In India’s Parliamentary history of more than 70 years, there have been only 14 PMBs that have been passed as legislation. The first PMB to be passed was in 1954 – the Muslim Wakfs Act, 1954, and the last such PMB was more than 50 years ago – the Supreme Court (Enlargement of Criminal Appellate Jurisdiction) Act, 1970 (See Table 1 for more). Yet, it is a necessity which cannot be dispensed with in our democratic setup.
In India’s Parliamentary history of more than 70 years, there have been only 14 PMBs that have been passed as legislation.
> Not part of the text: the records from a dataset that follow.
(* Let $G$ be a locally compact group with a compact open normal subgroup $A$ such that $G/A$ is isomorphic to an infinite subgroup of the (discrete) group $\mathbb{Q}$ of rational numbers. Then $G$ contains a discrete subgroup $H\cong G/A$ such that $G=AH$ and $A\cap H=\{1\}$, so that $G$ is the semidirect product $A\rtimes H$. *)

theory Defs
  imports "HOL-Analysis.Analysis" "HOL-Algebra.Algebra"
begin

definition topological_group :: "('a, 'b) monoid_scheme \<Rightarrow> 'a topology \<Rightarrow> bool" where
  "topological_group G T \<longleftrightarrow>
     group G \<and> topspace T = carrier G \<and>
     continuous_map (prod_topology T T) T (\<lambda>(x, y). x \<otimes>\<^bsub>G\<^esub> y) \<and>
     continuous_map T T (\<lambda>x. inv\<^bsub>G\<^esub> x)"

definition locally_compact_group :: "('a, 'b) monoid_scheme \<Rightarrow> 'a topology \<Rightarrow> bool" where
  "locally_compact_group G T \<longleftrightarrow>
     topological_group G T \<and> Hausdorff_space T \<and> locally_compact_space T"

definition rat_add_group :: "rat monoid" where
  "rat_add_group = \<lparr>carrier = UNIV, monoid.mult = (+), one = 0\<rparr>"

end

theory Submission
  imports Defs
begin

text \<open>Compose the quotient map with \<open>G/A \<cong> S \<le> \<rat>\<close> to get an epimorphism
  \<open>p : G \<rightarrow> S\<close> with kernel \<open>A\<close>; its fibres are cosets of \<open>A\<close>, hence compact. A homomorphic
  section of \<open>p\<close> is a point of the compact product \<open>\<Prod>s\<in>S. p\<^sup>-\<^sup>1(s)\<close> lying in all the closed
  sets \<open>{\<sigma>. \<sigma>(s + t) = \<sigma>(s) \<sigma>(t)}\<close>. These sets have the finite intersection property
  because finitely generated subgroups of \<open>\<rat>\<close> are cyclic: on the multiples of a generator
  \<open>q\<close> put \<open>\<sigma>(n q) = g\<^sup>n\<close> for a lift \<open>g\<close> of \<open>q\<close>. The image \<open>H\<close> of such a section is a
  complement of \<open>A\<close>, and it is discrete because the open set \<open>A\<close> meets it only in \<open>1\<close>.\<close>

lemma group_rat_add_group: "group rat_add_group"
proof (rule groupI)
  show "\<exists>y\<in>carrier rat_add_group. y \<otimes>\<^bsub>rat_add_group\<^esub> x = \<one>\<^bsub>rat_add_group\<^esub>" for x
    by (auto simp: rat_add_group_def intro: exI[of _ "- x"])
qed (auto simp: rat_add_group_def)

lemma inv_rat_add_group [simp]: "inv\<^bsub>rat_add_group\<^esub> x = - x"
  by (rule group.inv_equality[OF group_rat_add_group]) (auto simp: rat_add_group_def)

lemma int_pow_rat_add_group [simp]: "x [^]\<^bsub>rat_add_group\<^esub> (n::int) = of_int n * x"
proof -
  have nat_pow: "x [^]\<^bsub>rat_add_group\<^esub> (m::nat) = of_nat m * x" for m
    by (induction m) (auto simp: rat_add_group_def distrib_right)
  show ?thesis
    by (cases "n < 0") (auto simp: int_pow_def2 nat_pow)
qed

lemma rat_subgroup_closed:
  assumes "subgroup S rat_add_group"
  shows "0 \<in> S" "x \<in> S \<Longrightarrow> y \<in> S \<Longrightarrow> x + y \<in> S" "x \<in> S \<Longrightarrow> of_int n * x \<in> S"
proof -
  interpret subgroup S rat_add_group by (rule assms)
  show "0 \<in> S" using one_closed by (simp add: rat_add_group_def)
  show "x \<in> S \<Longrightarrow> y \<in> S \<Longrightarrow> x + y \<in> S" using m_closed by (simp add: rat_add_group_def)
  show "x \<in> S \<Longrightarrow> of_int n * x \<in> S"
    using group.subgroup_int_pow_closed[OF group_rat_add_group assms] by simp
qed

lemma rat_subgroup_common_divisor:
  assumes S: "subgroup S rat_add_group" and "x \<in> S" "y \<in> S"
  shows "\<exists>q\<in>S. (\<exists>m::int. x = of_int m * q) \<and> (\<exists>n::int. y = of_int n * q)"
proof -
  obtain a b :: int and d :: int where "d > 0" and xy: "x = of_int a / of_int d" "y = of_int b / of_int d"
  proof -
    obtain a1 d1 where x: "quotient_of x = (a1, d1)" by (cases "quotient_of x")
    obtain b1 d2 where y: "quotient_of y = (b1, d2)" by (cases "quotient_of y")
    have "d1 > 0" "d2 > 0" using quotient_of_denom_pos[OF x] quotient_of_denom_pos[OF y] .
    moreover have "x = of_int (a1 * d2) / of_int (d1 * d2)" "y = of_int (b1 * d1) / of_int (d1 * d2)"
      using quotient_of_div[OF x] quotient_of_div[OF y] \<open>d1 > 0\<close> \<open>d2 > 0\<close> by simp_all
    ultimately show thesis using that[where d="d1 * d2" and a="a1 * d2" and b="b1 * d1"] by simp
  qed
  obtain u v where uv: "u * a + v * b = gcd a b" using bezout_int by blast
  define q where "q = of_int (gcd a b) / (of_int d :: rat)"
  have "q = of_int u * x + of_int v * y"
    unfolding q_def xy uv[symmetric] by (simp add: add_divide_distrib)
  then have "q \<in> S" using assms by (simp add: rat_subgroup_closed[OF S])
  have multiple: "of_int c / of_int d = of_int (c div gcd a b) * q" if "gcd a b dvd c" for c
    using that unfolding q_def by (metis dvd_div_mult_self of_int_mult times_divide_eq_right)
  have "x = of_int (a div gcd a b) * q" "y = of_int (b div gcd a b) * q"
    unfolding xy by (simp_all add: multiple)
  with \<open>q \<in> S\<close> show ?thesis by blast
qed

lemma rat_subgroup_locally_cyclic:
  assumes S: "subgroup S rat_add_group" and "finite F" "F \<subseteq> S"
  shows "\<exists>q\<in>S. \<forall>s\<in>F. \<exists>n::int. s = of_int n * q"
  using assms(2,3)
proof (induction F rule: finite_induct)
  case empty
  then show ?case using rat_subgroup_closed(1)[OF S] by blast
next
  case (insert x F)
  then obtain q where q: "q \<in> S" "\<forall>s\<in>F. \<exists>n::int. s = of_int n * q" by auto
  have "x \<in> S" using insert.prems by simp
  then obtain q' m n where q': "q' \<in> S" "q = of_int m * q'" "x = of_int n * q'"
    using rat_subgroup_common_divisor[OF S q(1)] by blast
  have "\<exists>k::int. s = of_int k * q'" if "s \<in> F" for s
  proof -
    from q(2) \<open>s \<in> F\<close> obtain k where "s = of_int k * q" by blast
    then have "s = of_int (k * m) * q'" using q'(2) by simp
    then show ?thesis ..
  qed
  then show ?case using q'(1,3) by (intro bexI[of _ q']) auto
qed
PMBs are introduced by those Members of Parliament (‘MPs’) who are not ministers. The majority of the MPs are not ministers, and they represent the majority of the country through their respective constituencies. Thus, having this legislative tool to represent the needs of their people, which might not be represented in the government bills, is essential to furthering the cause of the democratic process and representation.
Table 1
Name of the Bill | Member introducing | Year of passing |
1. The Muslim Wakfs Bill, 1952 | Syed Mohammed Ahmed Kazmi (LS) | 1954 |
2. The Code of Criminal Procedure (Amendment) Bill, 1953 | Raghunath Singh (LS) | 1956 |
3. The Indian Registration (Amendment) Bill, 1955 | S.C. Samanta (LS) | 1956 |
4. The Proceedings of Legislature (Protection of Publication) Bill, 1956 | Feroze Gandhi (LS) | 1956 |
5. The Women’s and Children’s Institutions (Licensing) Bill, 1954 | Rajmata Kamlendu Mati Shah (LS) | 1956 |
6. The Ancient and Historical Monuments and Archeological Sites and Remains (Declaration of National Importance) Bill, 1954 | Raghubir Singh (RS) | 1956 |
7. The Hindu Marriage (Amendment) Bill, 1956 | Seeta Parmanand (RS) | 1956 |
8. The Code of Criminal Procedure (Amendment) Bill, 1957 | Subhadra Joshi (LS) | 1960 |
9. The Orphanages and Other Charitable Homes (Supervision and Control) Bill, 1960 | Kailash Bihari Lall (RS) | 1960 |
10. The Marine Insurance Bill, 1959 | M.P. Bhargava (RS) | 1963 |
11. The Hindu Marriage (Amendment) Bill, 1962 | Diwan Chand Sharma (LS) | 1964 |
12. The Salaries and Allowances of Members of Parliament (Amendment) Bill, 1964 | Raghunath Singh (LS) | 1964 |
13. The Indian Penal Code (Amendment) Bill, 1967 | Diwan Chaman Lall (RS) | 1969 |
14. The Supreme Court (Enlargement of Criminal Appellate Jurisdiction) Bill, 1968 | Anand Narain Mullah (LS) | 1970 |
LS: Lok Sabha; RS: Rajya Sabha
Source: LS/RS website
I shall argue that the current sorry state of PMBs and the discussion over them needs an urgent revival, which can be achieved using our inbuilt Parliamentary mechanisms, as well as minor modifications and adjustments to the same.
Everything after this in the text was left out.